Zu den Experten, die das israelische Corona-Kabinett beraten, gehört der Physik-Professor an der Hebräischen Universität Jerusalem, Yinon Aschkenasi. Privat hat der Forscher in den vergangenen zwanzig Jahren zwanzig Marathons und Ultramarathons absolviert. "Wer stoppt, wird bestraft", sagt er. Die "Gnadenlosigkeit des Systems" mache das Virus mit der Sportdisziplin vergleichbar: "Weder im Marathontraining noch im Kampf gegen Covid-19 gibt es eine Möglichkeit, etwas auszugleichen, das man vor zwei Wochen getan oder unterlassen hat. Beide sind nachtragend, und das macht es für die Menschen so schwierig: Sie sind Unmittelbarkeit gewohnt, nicht Langzeit."

Die lange Inkubationszeit mache Corona so besonders unter den Plagen, sagt Aschkenasi. Zweiwöchige Intensivmaßnahmen nützten nicht viel zur Bewältigung, stattdessen brauche es einen nachhaltigen und tragfähigen Plan: "Erst nach langem Training zahlt sich die harte Arbeit aus", so der Experte. Entscheidend sei hierfür die Gemütsverfassung. Oder, übertragen auf Corona: "Es braucht die Bereitschaft, über einen langen Zeitraum das gleiche Maß an Schutzaktivitäten aufrechtzuerhalten."

Müdigkeit spielt entscheidende Rolle

Hier kommt ein weiterer Faktor ins Spiel, der eine entscheidende Rolle für den Erfolg oder Misserfolg auf der Laufstrecke spielt: die Müdigkeit. "Gegen Ende eines Marathons wartet vielleicht der 'Mann mit dem Hammer'", beschreibt Aschkenasi ein bekanntes Phänomen im Langstreckenlauf. Plötzlich bricht die Leistung ein, und der Sportler läuft 'vor die Wand'. Hierauf muss er vorbereitet sein. "Er kann nicht weitermachen wie bisher, sondern muss andere Dinge aktivieren." Wenn im Fall von Corona ein Plan nachhaltig und wirksam scheine, könne man dennoch nicht einfach "immer dasselbe" weitermachen, sondern müsse konstant Anpassungen vornehmen und auf die Realität reagieren.

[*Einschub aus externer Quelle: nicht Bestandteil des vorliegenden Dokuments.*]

text \<open>Pigeonhole: the restrictions to \<open>verts H - {x}\<close> take at most \<open>n ^ (|V(H)| - 1)\<close> values.\<close>

lemma embeddings_differing_at_vertex:
  assumes hH: "hypergraph H" and hG: "hypergraph G" and x: "x \<in> verts H"
    and many: "card (verts G) ^ (card (verts H) - 1) < card (embeddings H G)"
  shows "\<exists>\<phi>1\<in>embeddings H G. \<exists>\<phi>2\<in>embeddings H G. \<phi>1 x \<noteq> \<phi>2 x \<and> (\<forall>u\<in>verts H - {x}. \<phi>1 u = \<phi>2 u)"
proof -
  define W where "W = verts H - {x}"
  have fV: "finite (verts H)" and fX: "finite (verts G)"
    using hypergraph_finite_verts[OF hH] hypergraph_finite_verts[OF hG] .
  have emb_PiE: "\<phi> \<in> verts H \<rightarrow>\<^sub>E verts G" if "\<phi> \<in> embeddings H G" for \<phi>
    using that unfolding embeddings_def injections_def by blast
  have "restrict \<phi> W \<in> W \<rightarrow>\<^sub>E verts G" if "\<phi> \<in> embeddings H G" for \<phi>
    using emb_PiE[OF that] unfolding W_def restrict_PiE_iff by auto
  then have "(\<lambda>\<phi>. restrict \<phi> W) ` embeddings H G \<subseteq> W \<rightarrow>\<^sub>E verts G"
    by blast
  then have "card ((\<lambda>\<phi>. restrict \<phi> W) ` embeddings H G) \<le> card (W \<rightarrow>\<^sub>E verts G)"
    using fV fX unfolding W_def by (intro card_mono finite_PiE) auto
  also have "\<dots> = card (verts G) ^ (card (verts H) - 1)"
    using fV x by (simp add: card_PiE W_def)
  finally have few: "card ((\<lambda>\<phi>. restrict \<phi> W) ` embeddings H G) < card (embeddings H G)"
    using many by linarith
  have "\<not> inj_on (\<lambda>\<phi>. restrict \<phi> W) (embeddings H G)"
  proof
    assume "inj_on (\<lambda>\<phi>. restrict \<phi> W) (embeddings H G)"
    then have "card ((\<lambda>\<phi>. restrict \<phi> W) ` embeddings H G) = card (embeddings H G)"
      by (rule card_image)
    with few show False
      by simp
  qed
  then obtain \<phi>1 \<phi>2 where \<phi>: "\<phi>1 \<in> embeddings H G" "\<phi>2 \<in> embeddings H G" "\<phi>1 \<noteq> \<phi>2"
      "restrict \<phi>1 W = restrict \<phi>2 W"
    unfolding inj_on_def by blast
  have agree: "\<phi>1 u = \<phi>2 u" if "u \<in> W" for u
    using fun_cong[OF \<phi>(4), of u] that by simp
  have "\<phi>1 x \<noteq> \<phi>2 x"
  proof
    assume "\<phi>1 x = \<phi>2 x"
    then have "\<phi>1 u = \<phi>2 u" if "u \<in> verts H" for u
      using agree that unfolding W_def by (cases "u = x") auto
    then have "\<phi>1 = \<phi>2"
      using emb_PiE[OF \<phi>(1)] emb_PiE[OF \<phi>(2)] by (rule PiE_ext[rotated 2])
    with \<phi>(3) show False ..
  qed
  then show ?thesis
    using \<phi>(1,2) agree unfolding W_def by blast
qed

lemma supersaturation_embeddings:
  fixes G :: "'b hg"
  assumes hH: "hypergraph H" and d0: "0 \<le> \<delta>" and vm: "card (verts H) \<le> m"
    and mR: "\<forall>k\<in>edge_sizes H. k \<le> m"
    and piH: "pi_n H m \<le> real (card (edge_sizes H)) - 1 + \<delta>"
    and hG: "hypergraph G" and n: "card (verts G) = n" and mn: "m \<le> n"
    and sG: "edge_sizes G \<subseteq> edge_sizes H"
    and dense: "h_n n G > real (card (edge_sizes H)) - 1 + 2 * \<delta>"
  shows "\<delta> * real (n choose card (verts H))
    < real (card (embeddings H G)) * real (m choose card (verts H))"
proof -
  define v where "v = card (verts H)"
  define e where "e = real (card (embeddings H G))"
  have pos: "real (n choose m) > 0" "real (n choose v) > 0" "real (m choose v) > 0"
    using mn vm unfolding v_def by auto
  have "\<delta> * real (n choose m)
      < real (card {S. S \<subseteq> verts G \<and> card S = m \<and> subgraph H (induced G S)})"
    by (rule supersaturation_sets[OF hH d0 mR piH hG n mn sG dense])
  also have "\<dots> \<le> e * real ((n - v) choose (m - v))"
    using card_sets_inducing_copy_le[OF hH hG n vm] unfolding e_def v_def
    by (simp flip: of_nat_mult)
  also have "\<dots> = e * real (m choose v) * real (n choose m) / real (n choose v)"
    using choose_ratio[OF vm[folded v_def] mn] pos by (simp add: field_simps)
  finally have "\<delta> * real (n choose m) * real (n choose v) < e * real (m choose v) * real (n choose m)"
    using pos by (simp add: field_simps)
  then show ?thesis
    using pos unfolding e_def v_def by (simp add: mult.commute mult.left_commute)
qed

lemma power_pred_mult_le_choose:
  fixes \<delta> c :: real
  assumes v: "1 \<le> v" "v \<le> n" and d0: "0 \<le> \<delta>" and big: "real v ^ v * c \<le> \<delta> * real n"
  shows "real n ^ (v - 1) * c \<le> \<delta> * real (n choose v)"
proof -
  have "real v ^ v * (real n ^ (v - 1) * c) = real n ^ (v - 1) * (real v ^ v * c)"
    by (simp add: algebra_simps)
  also have "\<dots> \<le> real n ^ (v - 1) * (\<delta> * real n)"
    using big by (intro mult_left_mono) auto
  also have "\<dots> = \<delta> * real n ^ v"
    using v by (cases v) (auto simp: algebra_simps)
  finally have "real n ^ (v - 1) * c \<le> \<delta> * (real n / real v) ^ v"
    using v by (simp add: power_divide field_simps)
  also have "\<dots> \<le> \<delta> * real (n choose v)"
    using binomial_ge_n_over_k_pow_k[OF v(2)] d0 by (intro mult_left_mono) auto
  finally show ?thesis .
qed

lemma pi_n_clone_vertex_le:
  assumes hH: "hypergraph H" and eH: "edges H \<noteq> {}" and x: "x \<in> verts H" and y: "y \<notin> verts H"
    and d0: "0 \<le> \<delta>" and vm: "card (verts H) \<le> m" and mR: "\<forall>k\<in>edge_sizes H. k \<le> m"
    and piH: "pi_n H m \<le> real (card (edge_sizes H)) - 1 + \<delta>" and mn: "m \<le> n"
    and big: "real (card (verts H)) ^ card (verts H) * real (m choose card (verts H)) \<le> \<delta> * real n"
  shows "pi_n (clone_vertex H x y) n \<le> real (card (edge_sizes H)) - 1 + 2 * \<delta>"
proof (rule pi_n_least)
  show "edges (clone_vertex H x y) \<noteq> {}"
    using eH by simp
next
  fix G :: "nat hg"
  assume hG: "hypergraph G" and vG: "verts G = {0..<n}"
    and sG: "edge_sizes G \<subseteq> edge_sizes (clone_vertex H x y)"
    and ns: "\<not> subgraph (clone_vertex H x y) G"
  define v where "v = card (verts H)"
  show "h_n n G \<le> real (card (edge_sizes H)) - 1 + 2 * \<delta>"
  proof (rule ccontr)
    assume "\<not> ?thesis"
    then have dense: "h_n n G > real (card (edge_sizes H)) - 1 + 2 * \<delta>"
      by simp
    have "1 \<le> v"
      using x hypergraph_finite_verts[OF hH] unfolding v_def by (simp add: Suc_le_eq card_gt_0_iff) blast
    then have "real n ^ (v - 1) * real (m choose v) \<le> \<delta> * real (n choose v)"
      using vm mn d0 big unfolding v_def by (intro power_pred_mult_le_choose) auto
    also have "\<dots> < real (card (embeddings H G)) * real (m choose v)"
      using sG vG edge_sizes_clone_vertex[OF hH y] unfolding v_def
      by (intro supersaturation_embeddings[OF hH d0 vm mR piH hG _ mn _ dense]) auto
    finally have "real n ^ (v - 1) < real (card (embeddings H G))"
      by (rule mult_right_less_imp_less) simp
    then have "card (verts G) ^ (card (verts H) - 1) < card (embeddings H G)"
      using vG unfolding v_def by (simp flip: of_nat_power)
    then obtain \<phi>1 \<phi>2 where "\<phi>1 \<in> embeddings H G" "\<phi>2 \<in> embeddings H G" "\<phi>1 x \<noteq> \<phi>2 x"
        "\<forall>u\<in>verts H - {x}. \<phi>1 u = \<phi>2 u"
      using embeddings_differing_at_vertex[OF hH hG x] by blast
    then have "subgraph (clone_vertex H x y) G"
      by (rule subgraph_clone_vertex[OF hH x y])
    with ns show False ..
  qed
qed

lemma tendsto_of_eventually_bounds:
  fixes f :: "'a \<Rightarrow> real"
  assumes lower: "\<forall>\<^sub>F x in F. L \<le> f x"
    and upper: "\<And>\<epsilon>. 0 < \<epsilon> \<Longrightarrow> \<forall>\<^sub>F x in F. f x \<le> L + \<epsilon>"
  shows "(f \<longlongrightarrow> L) F"
proof (rule order_tendstoI)
  fix a assume "a < L"
  with lower show "\<forall>\<^sub>F x in F. a < f x"
    by (auto elim: eventually_mono)
next
  fix a assume "L < a"
  then have "\<forall>\<^sub>F x in F. f x \<le> L + (a - L) / 2"
    by (intro upper) simp
  then show "\<forall>\<^sub>F x in F. f x < a"
    using \<open>L < a\<close> by (auto elim!: eventually_mono simp: field_simps)
qed

lemma degenerate_clone_vertex:
  assumes hH: "hypergraph H" and eH: "edges H \<noteq> {}" and dH: "degenerate H"
    and x: "x \<in> verts H" and y: "y \<notin> verts H"
  shows "degenerate (clone_vertex H x y)"
proof -
  define r where "r = real (card (edge_sizes H))"
  define v where "v = card (verts H)"
  have upper: "\<forall>\<^sub>F n in sequentially. pi_n (clone_vertex H x y) n \<le> r - 1 + \<epsilon>"
    if "0 < \<epsilon>" for \<epsilon>
  proof -
    define \<delta> where "\<delta> = \<epsilon> / 2"
    have "\<delta> > 0"
      using that by (simp add: \<delta>_def)
    have "\<forall>\<^sub>F m in sequentially. pi_n H m < r - 1 + \<delta>"
      using dH \<open>\<delta> > 0\<close> unfolding degenerate_def r_def by (intro order_tendstoD) auto
    moreover have "\<forall>\<^sub>F m in sequentially. v \<le> m"
      by (rule eventually_ge_at_top)
    ultimately have "\<forall>\<^sub>F m in sequentially.
        pi_n H m < r - 1 + \<delta> \<and> v \<le> m \<and> (\<forall>k\<in>edge_sizes H. k \<le> m)"
      using eventually_ge_finite_nat_set[OF hypergraph_finite_edge_sizes[OF hH]]
      by (intro eventually_conj)
    then obtain m where m: "pi_n H m \<le> r - 1 + \<delta>" "v \<le> m" "\<forall>k\<in>edge_sizes H. k \<le> m"
      unfolding eventually_sequentially by (meson less_imp_le order_refl)
    obtain N :: nat where N: "real v ^ v * real (m choose v) / \<delta> < real N"
      using reals_Archimedean2 by blast
    have "pi_n (clone_vertex H x y) n \<le> r - 1 + \<epsilon>" if "max m N \<le> n" for n
    proof -
      have "real v ^ v * real (m choose v) < \<delta> * real N"
        using N \<open>\<delta> > 0\<close> by (simp add: field_simps)
      also have "\<dots> \<le> \<delta> * real n"
        using that \<open>\<delta> > 0\<close> by simp
      finally have "real v ^ v * real (m choose v) \<le> \<delta> * real n"
        by simp
      then have "pi_n (clone_vertex H x y) n \<le> r - 1 + 2 * \<delta>"
        unfolding r_def using \<open>\<delta> > 0\<close> m that
        by (intro pi_n_clone_vertex_le[OF hH eH x y]) (auto simp: r_def v_def)
      then show ?thesis
        by (simp add: \<delta>_def)
    qed
    then show ?thesis
      by (rule eventually_sequentiallyI)
  qed
  have "\<forall>\<^sub>F n in sequentially. r - 1 \<le> pi_n (clone_vertex H x y) n"
    using eventually_pi_n_lower[OF hypergraph_clone_vertex[OF hH], of x y] eH
    unfolding r_def edge_sizes_clone_vertex[OF hH y] by simp
  then show ?thesis
    unfolding degenerate_def edge_sizes_clone_vertex[OF hH y] r_def[symmetric]
    by (rule tendsto_of_eventually_bounds[OF _ upper])
qed

subsection \<open>Blowups\<close>

lemma verts_blowup: "verts (blowup H s) = {(v, j). v \<in> verts H \<and> j < s v}"
  by (simp add: blowup_def)

lemma edges_blowup:
  "edges (blowup H s) = {(\<lambda>v. (v, g v)) ` F | F g. F \<in> edges H \<and> (\<forall>v\<in>F. g v < s v)}"
  by (simp add: blowup_def)

lemma hypergraph_blowup:
  assumes hH: "hypergraph H"
  shows "hypergraph (blowup H s)"
proof -
  have "verts (blowup H s) = Sigma (verts H) (\<lambda>v. {0..<s v})"
    by (auto simp: verts_blowup)
  then have "finite (verts (blowup H s))"
    using hypergraph_finite_verts[OF hH] by simp
  moreover have "edges (blowup H s) \<subseteq> Pow (verts (blowup H s))"
    using hypergraph_edge_subset[OF hH] by (auto simp: edges_blowup verts_blowup)
  ultimately show ?thesis
    unfolding hypergraph_def by blast
qed

lemma edges_blowup_eq_empty:
  assumes "hypergraph H" "\<forall>v\<in>verts H. 0 < s v"
  shows "edges (blowup H s) = {} \<longleftrightarrow> edges H = {}"
proof
  assume "edges (blowup H s) = {}"
  moreover have "(\<lambda>v. (v, 0)) ` F \<in> edges (blowup H s)" if F: "F \<in> edges H" for F
  proof -
    have "\<forall>v\<in>F. 0 < s v"
      using assms(2) hypergraph_edge_subset[OF assms(1) F] by auto
    then show ?thesis
      using F unfolding edges_blowup by (intro CollectI exI[of _ F] exI[of _ "\<lambda>_. 0::nat"]) simp
  qed
  ultimately show "edges H = {}"
    by blast
qed (simp add: edges_blowup)

lemma blowup_subgraph_base:
  assumes "\<forall>v\<in>verts H. s v \<le> 1"
  shows "subgraph (blowup H s) H"
proof -
  have "inj_on fst (verts (blowup H s))" "fst ` verts (blowup H s) \<subseteq> verts H"
    using assms by (auto simp: verts_blowup inj_on_def)
  moreover have "fst ` E \<in> edges H" if "E \<in> edges (blowup H s)" for E
    using that by (auto simp: edges_blowup image_image)
  ultimately show ?thesis
    unfolding subgraph_def by blast
qed

lemma image_pair_fun_upd:
  "a \<in> F \<Longrightarrow> (\<lambda>v. (v, (g(a := c)) v)) ` F = insert (a, c) ((\<lambda>v. (v, g v)) ` F - {(a, g a)})"
  by auto

text \<open>Enlarging one class of a blowup by a single vertex is a vertex cloning.\<close>

lemma blowup_subgraph_clone_vertex:
  assumes a: "a \<in> verts H" and sa: "2 \<le> s a"
  shows "subgraph (blowup H s) (clone_vertex (blowup H (s(a := s a - 1))) (a, 0) (a, s a - 1))"
proof -
  define s' where "s' = s(a := s a - 1)"
  have "E \<in> edges (clone_vertex (blowup H s') (a, 0) (a, s a - 1))" if E: "E \<in> edges (blowup H s)" for E
  proof -
    obtain F g where F: "E = (\<lambda>v. (v, g v)) ` F" "F \<in> edges H" "\<forall>v\<in>F. g v < s v"
      using E unfolding edges_blowup by blast
    show ?thesis
    proof (cases "a \<in> F \<and> g a = s a - 1")
      case False
      then have "\<forall>v\<in>F. g v < s' v"
        using F(3) unfolding s'_def by auto
      then show ?thesis
        using F(1,2) by (auto simp: edges_blowup)
    next
      case True
      define E0 where "E0 = (\<lambda>v. (v, (g(a := 0)) v)) ` F"
      have "E0 \<in> edges (blowup H s')"
        using F(2,3) sa unfolding E0_def edges_blowup s'_def by force
      moreover have "(a, 0) \<in> E0"
        using True unfolding E0_def by force
      moreover have "E = insert (a, s a - 1) (E0 - {(a, 0)})"
        using True F(1) image_pair_fun_upd[of a F "g(a := 0)" "s a - 1"] unfolding E0_def
        by (simp add: image_pair_fun_upd fun_upd_idem)
      ultimately show ?thesis
        by auto
    qed
  qed
  moreover have "verts (blowup H s) \<subseteq> verts (clone_vertex (blowup H s') (a, 0) (a, s a - 1))"
    by (auto simp: verts_blowup s'_def)
  ultimately show ?thesis
    unfolding subgraph_def s'_def by (intro exI[of _ id]) auto
qed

Wenn Dinge am Ende doch mal nicht so laufen, wie sie sie sich vorgestellt hat, behält die strengreligiöse Jüdin Deutsch trotzdem ihren Optimismus. "Alles im Leben geschieht nach einem Plan Gottes. Auch wenn es schwer ist, konstant besser zu werden, gibt es also keinen Grund für allzu große Sorgen!"